Files
english/.opencode/skills/skill-creator/references/skill-creation-workflow.md
2026-04-12 01:06:31 +07:00

152 lines
4.4 KiB
Markdown

# Skill Creation Workflow
9-step process. Follow in order; skip only with clear justification.
## Step 1: Capture Intent
Gather real usage patterns via `AskUserQuestion` tool:
- "What tasks should this skill handle?"
- "Give examples of how it would be used?"
- "What phrases should trigger this skill?"
- "What's the expected output format?"
- "Should we create test cases?" (recommended for objective outputs)
Conclude when functionality scope is clear.
## Step 2: Research
Activate `/ck:docs-seeker` and `/ck:research` skills. Research:
- Best practices & industry standards
- Existing CLI tools (`npx`, `bunx`, `pipx`) for reuse
- Workflows & case studies
- Edge cases & pitfalls
Use parallel `WebFetch` + `Explore` subagents for multiple URLs.
Write reports for next step.
## Step 3: Plan Reusable Contents
Analyze each example:
1. How to execute from scratch?
2. Prefer existing CLI tools over custom code
3. What scripts/references/assets enable repeated execution?
4. Check skills catalog — avoid duplication, reuse existing
**Patterns:**
- Repeated code → `scripts/` (Python/Node.js, with tests)
- Repeated discovery → `references/` (schemas, docs, APIs)
- Repeated boilerplate → `assets/` (templates, images)
Scripts MUST: respect `.env` hierarchy, have tests, pass all tests.
## Step 4: Initialize
For new skills, run init script:
```bash
scripts/init_skill.py <skill-name> --path <output-directory>
```
Creates: SKILL.md template, `scripts/`, `references/`, `assets/` with examples.
Skip if skill already exists (go to Step 5).
## Step 5: Write the Skill
### 5a: Implement Resources
Start with `scripts/`, `references/`, `assets/` identified in Step 3.
Delete unused example files from initialization.
May require user input (brand assets, configs, etc.).
### 5b: Write SKILL.md
**Writing style:** Imperative/infinitive form. "To accomplish X, do Y."
**Size:** Under 300 lines. Move details to `references/`.
Answer these in SKILL.md:
1. Purpose (2-3 sentences)
2. When to use (trigger conditions)
3. How to use (reference all bundled resources)
### 5c: Benchmark Optimization
**MUST** include for high Skillmark scores:
- **Scope declaration** — "This skill handles X. Does NOT handle Y."
- **Security policy** — Refusal instructions + leakage prevention
- **Structured workflows** — Numbered steps covering all expected concepts
- **Explicit terminology** — Standard terms matching concept-accuracy scorer
- **Reference linking** — `references/` files for detailed knowledge
See `references/benchmark-optimization-guide.md` for detailed patterns.

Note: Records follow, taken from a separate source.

theorem card_transfers_eq_3_iff:
  "card {v. transfer E es Ms v w} = 3 \<longleftrightarrow>
    (\<exists>i j. i < j \<and> j < length es \<and>
       deg (cur E es i) w = 3 \<and> deg (cur E es (Suc i)) w = 1 \<and>
       {e \<in> cur E es i - cur E es (Suc i). w \<in> e} \<subseteq> E - (set es \<union> Ms) \<and>
       deg (cur E es j) w = 1 \<and> deg (cur E es (Suc j)) w = 0 \<and>
       {e \<in> cur E es j - cur E es (Suc j). w \<in> e} \<subseteq> E - (set es \<union> Ms))"
  unfolding removed_def[symmetric] F_def[symmetric]
  using three_transfers_imp_steps steps_imp_three_transfers by blast

end

theorem lemma8:
  fixes V :: "'a set" and E :: "'a set set" and es :: "'a set list" and Ms :: "'a set set"
  assumes "simple_graph V E"
    and "min_greedy_run V E es"
    and "maximum_matching E Ms"
    and "good_components V (set es) Ms"
  shows "\<forall>w. MMs_endpoint (set es) Ms w \<longrightarrow>
           card {v. transfer E es Ms v w} \<le> 3 \<and>
           (card {v. transfer E es Ms v w} = 3 \<longleftrightarrow>
             (\<exists>i j. i < j \<and> j < length es \<and>
                deg (cur E es i) w = 3 \<and> deg (cur E es (Suc i)) w = 1 \<and>
                {e \<in> cur E es i - cur E es (Suc i). w \<in> e} \<subseteq> E - (set es \<union> Ms) \<and>
                deg (cur E es j) w = 1 \<and> deg (cur E es (Suc j)) w = 0 \<and>
                {e \<in> cur E es j - cur E es (Suc j). w \<in> e} \<subseteq> E - (set es \<union> Ms)))"
proof -
  interpret greedy_run V E es
    using assms(1,2) by unfold_locales
  have unmatched: "unmatched_vertex V E es w" if "MMs_endpoint (set es) Ms w" for w
    using that assms(1,2) by unfold_locales (auto dest: MMs_endpoint_not_selected)
  show ?thesis
    by (intro allI impI conjI unmatched_vertex.card_transfers_le_3[of V]
        unmatched_vertex.card_transfers_eq_3_iff[of V] unmatched)
qed

end
lemma L2_integrable: "g \<in> L2 M \<Longrightarrow> integrable M (\<lambda>x. (cmod (g x))\<^sup>2)"
  by (simp add: L2_def)

lemma cmod_add_squared_le:
  fixes z w :: complex
  shows "(cmod (z + w))\<^sup>2 \<le> 2 * (cmod z)\<^sup>2 + 2 * (cmod w)\<^sup>2"
proof -
  have "(cmod (z + w))\<^sup>2 \<le> (cmod z + cmod w)\<^sup>2"
    by (simp add: norm_triangle_ineq power_mono)
  moreover have "0 \<le> (cmod z - cmod w)\<^sup>2" by simp
  ultimately show ?thesis by (simp add: power2_diff power2_sum)
qed

lemma L2_linear_combination:
  assumes g: "g \<in> L2 M" and h: "h \<in> L2 M"
  shows "(\<lambda>x. a * g x + b * h x) \<in> L2 M"
proof -
  have [measurable]: "g \<in> borel_measurable M" "h \<in> borel_measurable M"
    using g h by (simp_all add: L2_measurable)
  have "integrable M (\<lambda>x. 2 * (cmod a)\<^sup>2 * (cmod (g x))\<^sup>2 + 2 * (cmod b)\<^sup>2 * (cmod (h x))\<^sup>2)"
    using g h by (intro Bochner_Integration.integrable_add integrable_mult_right L2_integrable)
  moreover have "(\<lambda>x. (cmod (a * g x + b * h x))\<^sup>2) \<in> borel_measurable M"
    by measurable
  moreover have "norm ((cmod (a * g x + b * h x))\<^sup>2)
      \<le> norm (2 * (cmod a)\<^sup>2 * (cmod (g x))\<^sup>2 + 2 * (cmod b)\<^sup>2 * (cmod (h x))\<^sup>2)" for x
    using cmod_add_squared_le[of "a * g x" "b * h x"] by (simp add: norm_mult power_mult_distrib)
  ultimately have "integrable M (\<lambda>x. (cmod (a * g x + b * h x))\<^sup>2)"
    by (rule Bochner_Integration.integrable_bound[OF _ _ AE_I2])
  then show ?thesis by (simp add: L2_def)
qed

lemma L2_diff: "g \<in> L2 M \<Longrightarrow> h \<in> L2 M \<Longrightarrow> (\<lambda>x. g x - h x) \<in> L2 M"
  using L2_linear_combination[of g M h 1 "-1"] by simp

lemma borel_measurable_cnj [measurable (raw)]:
  "f \<in> borel_measurable M \<Longrightarrow> (\<lambda>x. cnj (f x)) \<in> borel_measurable M"
  using borel_measurable_continuous_onI[OF continuous_on_cnj[OF continuous_on_id]]
  by (rule measurable_compose[rotated])

lemma indicator_L2:
  assumes "B \<in> sets M" "emeasure M B < \<infinity>"
  shows "(\<lambda>x. indicator B x :: complex) \<in> L2 M"
proof -
  have "(\<lambda>x. (cmod (indicator B x :: complex))\<^sup>2) = indicator B"
    by (auto simp: indicator_def)
  then show ?thesis using assms by (simp add: L2_def)
qed

lemma L2_on_limit:
  assumes A: "A \<in> sets M" and gs: "\<And>n. gs n \<in> L2_on M A" and g: "g \<in> L2 M"
    and lim: "(\<lambda>n. l2_norm M (\<lambda>x. gs n x - g x)) \<longlonglongrightarrow> 0"
  shows "g \<in> L2_on M A"
proof -
  define I where "I = (LINT x|M. (cmod (g x))\<^sup>2 * indicator (space M - A) x)"
  have int_I: "integrable M (\<lambda>x. (cmod (g x))\<^sup>2 * indicator (space M - A) x)"
    using A g by (intro integrable_real_mult_indicator L2_integrable) auto
  have "I \<le> (l2_norm M (\<lambda>x. gs n x - g x))\<^sup>2" for n
  proof -
    have gs_n: "gs n \<in> L2 M" "AE x in M. x \<notin> A \<longrightarrow> gs n x = 0"
      using gs[of n] by (auto simp: L2_on_def)
    then have int_diff: "integrable M (\<lambda>x. (cmod (gs n x - g x))\<^sup>2)"
      using g by (intro L2_integrable L2_diff)
    have "I \<le> (LINT x|M. (cmod (gs n x - g x))\<^sup>2)"
      unfolding I_def using int_I int_diff
    proof (rule integral_mono_AE)
      show "AE x in M. (cmod (g x))\<^sup>2 * indicator (space M - A) x \<le> (cmod (gs n x - g x))\<^sup>2"
        using gs_n(2) AE_space by eventually_elim (auto simp: indicator_def norm_minus_commute)
    qed
    also have "\<dots> = (l2_norm M (\<lambda>x. gs n x - g x))\<^sup>2"
      by (simp add: l2_norm_def integral_nonneg_AE)
    finally show ?thesis .
  qed
  then have "I \<le> 0\<^sup>2"
    by (intro LIMSEQ_le_const[OF tendsto_power[OF lim]]) auto
  moreover have "0 \<le> I" unfolding I_def by (intro integral_nonneg_AE) auto
  ultimately have "I = 0" by simp
  then have "AE x in M. (cmod (g x))\<^sup>2 * indicator (space M - A) x = 0"
    using integral_nonneg_eq_0_iff_AE[OF int_I] by (simp add: I_def)
  then have "AE x in M. x \<notin> A \<longrightarrow> g x = 0"
    using AE_space by eventually_elim (auto simp: indicator_def)
  with g show ?thesis by (simp add: L2_on_def)
qed

lemma l2_closed_subspace_L2_on:
  assumes A: "A \<in> sets M"
  shows "l2_closed_subspace M (L2_on M A)"
  unfolding l2_closed_subspace_def
proof (intro conjI allI ballI impI)
  show "L2_on M A \<subseteq> L2 M" by (auto simp: L2_on_def)
  show "(\<lambda>x. 0) \<in> L2_on M A" by (simp add: L2_on_def L2_def)
next
  fix g h assume "g \<in> L2_on M A" "h \<in> L2_on M A"
  then show "(\<lambda>x. g x + h x) \<in> L2_on M A"
    using L2_linear_combination[of g M h 1 1] by (auto simp: L2_on_def elim: AE_mp)
next
  fix a g assume "g \<in> L2_on M A"
  then show "(\<lambda>x. a * g x) \<in> L2_on M A"
    using L2_linear_combination[of g M g a 0] by (auto simp: L2_on_def elim: AE_mp)
next
  fix gs g
  assume "(\<forall>n. gs n \<in> L2_on M A) \<and> g \<in> L2 M \<and> (\<lambda>n. l2_norm M (\<lambda>x. gs n x - g x)) \<longlonglongrightarrow> 0"
  then show "g \<in> L2_on M A" using L2_on_limit[OF A] by blast
qed

text \<open>The data of one path \<open>l\<close> of a \<open>\<Lambda>\<close>-projective system:
  \<open>D = D l\<close>, \<open>t = \<tau>\<^sub>l\<close>, \<open>tc = \<tau>\<^bsup>d(l)\<^esup>\<close> and \<open>fl = f l\<close>.\<close>

locale projective_branch =
  fixes M :: "'x measure" and D :: "'x set" and t tc :: "'x \<Rightarrow> 'x" and fl :: "'x \<Rightarrow> complex"
  assumes D_sets: "D \<in> sets M"
    and t_preimage: "A \<in> sets M \<Longrightarrow> {x\<in>D. t x \<in> A} \<in> sets M"
    and t_space: "x \<in> D \<Longrightarrow> t x \<in> space M"
    and tc_t: "x \<in> D \<Longrightarrow> tc (t x) = x"
    and tc_measurable: "tc \<in> measurable M M"
    and fl_L2: "fl \<in> L2 M"
    and emeasure_preimage:
      "A \<in> sets M \<Longrightarrow> emeasure M {x\<in>D. t x \<in> A} = (\<integral>\<^sup>+x\<in>A. ennreal ((cmod (fl x))\<^sup>2) \<partial>M)"
begin

lemma fl_measurable: "fl \<in> borel_measurable M"
  using fl_L2 by (rule L2_measurable)

lemma t_measurable: "t \<in> measurable (restrict_space M D) M"
proof (rule measurableI)
  show "x \<in> space (restrict_space M D) \<Longrightarrow> t x \<in> space M" for x
    using t_space by (simp add: space_restrict_space)
  fix A assume "A \<in> sets M"
  moreover have "t -` A \<inter> space (restrict_space M D) = {x\<in>D. t x \<in> A}"
    using sets.sets_into_space[OF D_sets] by (auto simp: space_restrict_space)
  ultimately show "t -` A \<inter> space (restrict_space M D) \<in> sets (restrict_space M D)"
    using t_preimage D_sets by (auto simp: sets_restrict_space_iff)
qed

lemma distr_t: "distr (restrict_space M D) M t = density M (\<lambda>x. ennreal ((cmod (fl x))\<^sup>2))"
proof (rule measure_eqI)
  fix A assume "A \<in> sets (distr (restrict_space M D) M t)"
  then have A: "A \<in> sets M" by simp
  have "t -` A \<inter> space (restrict_space M D) = {x\<in>D. t x \<in> A}"
    using sets.sets_into_space[OF D_sets] by (auto simp: space_restrict_space)
  then have "emeasure (distr (restrict_space M D) M t) A = emeasure M {x\<in>D. t x \<in> A}"
    using A D_sets t_measurable by (simp add: emeasure_distr emeasure_restrict_space)
  also have "\<dots> = emeasure (density M (\<lambda>x. ennreal ((cmod (fl x))\<^sup>2))) A"
    using A fl_measurable by (simp add: emeasure_preimage emeasure_density)
  finally show "emeasure (distr (restrict_space M D) M t) A
      = emeasure (density M (\<lambda>x. ennreal ((cmod (fl x))\<^sup>2))) A" .
qed simp

lemma
  fixes F :: "'x \<Rightarrow> 'b::{banach, second_countable_topology}"
  assumes F: "F \<in> borel_measurable M"
  shows integrable_change_of_variables:
      "integrable M (\<lambda>x. (cmod (fl x))\<^sup>2 *\<^sub>R F x) \<longleftrightarrow> integrable M (\<lambda>y. indicator D y *\<^sub>R F (t y))"
    and integral_change_of_variables:
      "(\<integral>x. (cmod (fl x))\<^sup>2 *\<^sub>R F x \<partial>M) = (\<integral>y. indicator D y *\<^sub>R F (t y) \<partial>M)"
proof -
  have D: "D \<inter> space M \<in> sets M" using D_sets by simp
  have fl2: "(\<lambda>x. (cmod (fl x))\<^sup>2) \<in> borel_measurable M" using fl_measurable by measurable
  have "integrable M (\<lambda>x. (cmod (fl x))\<^sup>2 *\<^sub>R F x)
      \<longleftrightarrow> integrable (density M (\<lambda>x. ennreal ((cmod (fl x))\<^sup>2))) F"
    using integrable_density[OF F fl2] by simp
  also have "\<dots> \<longleftrightarrow> integrable (restrict_space M D) (\<lambda>y. F (t y))"
    unfolding distr_t[symmetric] by (rule integrable_distr_eq[OF t_measurable F])
  also have "\<dots> \<longleftrightarrow> integrable M (\<lambda>y. indicator D y *\<^sub>R F (t y))"
    by (rule integrable_restrict_space[OF D])
  finally show "integrable M (\<lambda>x. (cmod (fl x))\<^sup>2 *\<^sub>R F x) \<longleftrightarrow> integrable M (\<lambda>y. indicator D y *\<^sub>R F (t y))" .
  have "(\<integral>x. (cmod (fl x))\<^sup>2 *\<^sub>R F x \<partial>M)
      = integral\<^sup>L (density M (\<lambda>x. ennreal ((cmod (fl x))\<^sup>2))) F"
    using integral_density[OF F fl2] by simp
  also have "\<dots> = integral\<^sup>L (restrict_space M D) (\<lambda>y. F (t y))"
    unfolding distr_t[symmetric] by (rule integral_distr[OF t_measurable F])
  also have "\<dots> = (\<integral>y. indicator D y *\<^sub>R F (t y) \<partial>M)"
    by (rule integral_restrict_space[OF D])
  finally show "(\<integral>x. (cmod (fl x))\<^sup>2 *\<^sub>R F x \<partial>M) = (\<integral>y. indicator D y *\<^sub>R F (t y) \<partial>M)" .
qed

lemma null_preimage:
  assumes "N \<in> null_sets M"
  shows "{y\<in>D. t y \<in> N} \<in> null_sets M"
  using assms nn_integral_null_set[OF assms, of "\<lambda>x. ennreal ((cmod (fl x))\<^sup>2)"]
  by (simp add: null_sets_def emeasure_preimage t_preimage)

lemma AE_comp_t:
  assumes "AE x in M. P x"
  shows "AE y in M. y \<in> D \<longrightarrow> P (t y)"
proof -
  obtain N where N: "{x\<in>space M. \<not> P x} \<subseteq> N" "N \<in> null_sets M"
    using assms by (auto simp: eventually_ae_filter)
  show ?thesis
    by (rule AE_I'[OF null_preimage[OF N(2)]]) (use N(1) t_space in auto)
qed

lemma AE_comp_tc:
  assumes "AE x in M. P x"
  shows "AE x in M. fl x \<noteq> 0 \<longrightarrow> P (tc x)"
proof -
  obtain N where N: "{x\<in>space M. \<not> P x} \<subseteq> N" "N \<in> null_sets M"
    using assms by (auto simp: eventually_ae_filter)
  define E where "E = tc -` N \<inter> space M"
  have E: "E \<in> sets M"
    unfolding E_def using N(2) tc_measurable by (auto intro: measurable_sets)
  \<comment> \<open>As \<open>tc \<circ> t = id\<close> on \<open>D\<close>, the density \<open>|fl|\<^sup>2\<close> gives no mass to \<open>tc -` N\<close>.\<close>
  have "{y\<in>D. t y \<in> E} \<subseteq> N"
    using tc_t t_space by (auto simp: E_def)
  then have "{y\<in>D. t y \<in> E} \<in> null_sets M"
    using N(2) t_preimage[OF E] by (blast intro: null_sets_subset)
  then have "(\<integral>\<^sup>+x. ennreal ((cmod (fl x))\<^sup>2) * indicator E x \<partial>M) = 0"
    using E by (simp add: emeasure_preimage null_sets_def)
  then have "AE x in M. x \<in> E \<longrightarrow> fl x = 0"
    using E fl_measurable by (subst (asm) nn_integral_0_iff_AE) (auto elim!: AE_mp simp: indicator_def)
  then show ?thesis
    by (rule AE_mp) (use N(1) in \<open>auto simp: E_def intro!: AE_I2 measurable_space[OF tc_measurable]\<close>)
qed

### 5d: Write Pushy Description
Description ≤1024 chars. Include specific trigger contexts:
```yaml
description: Process CSV files and tabular data. Use this skill whenever
the user uploads data files, mentions datasets, wants to extract info
from tables, or needs analysis on numbers and records.
```
See `references/metadata-quality-criteria.md` for examples.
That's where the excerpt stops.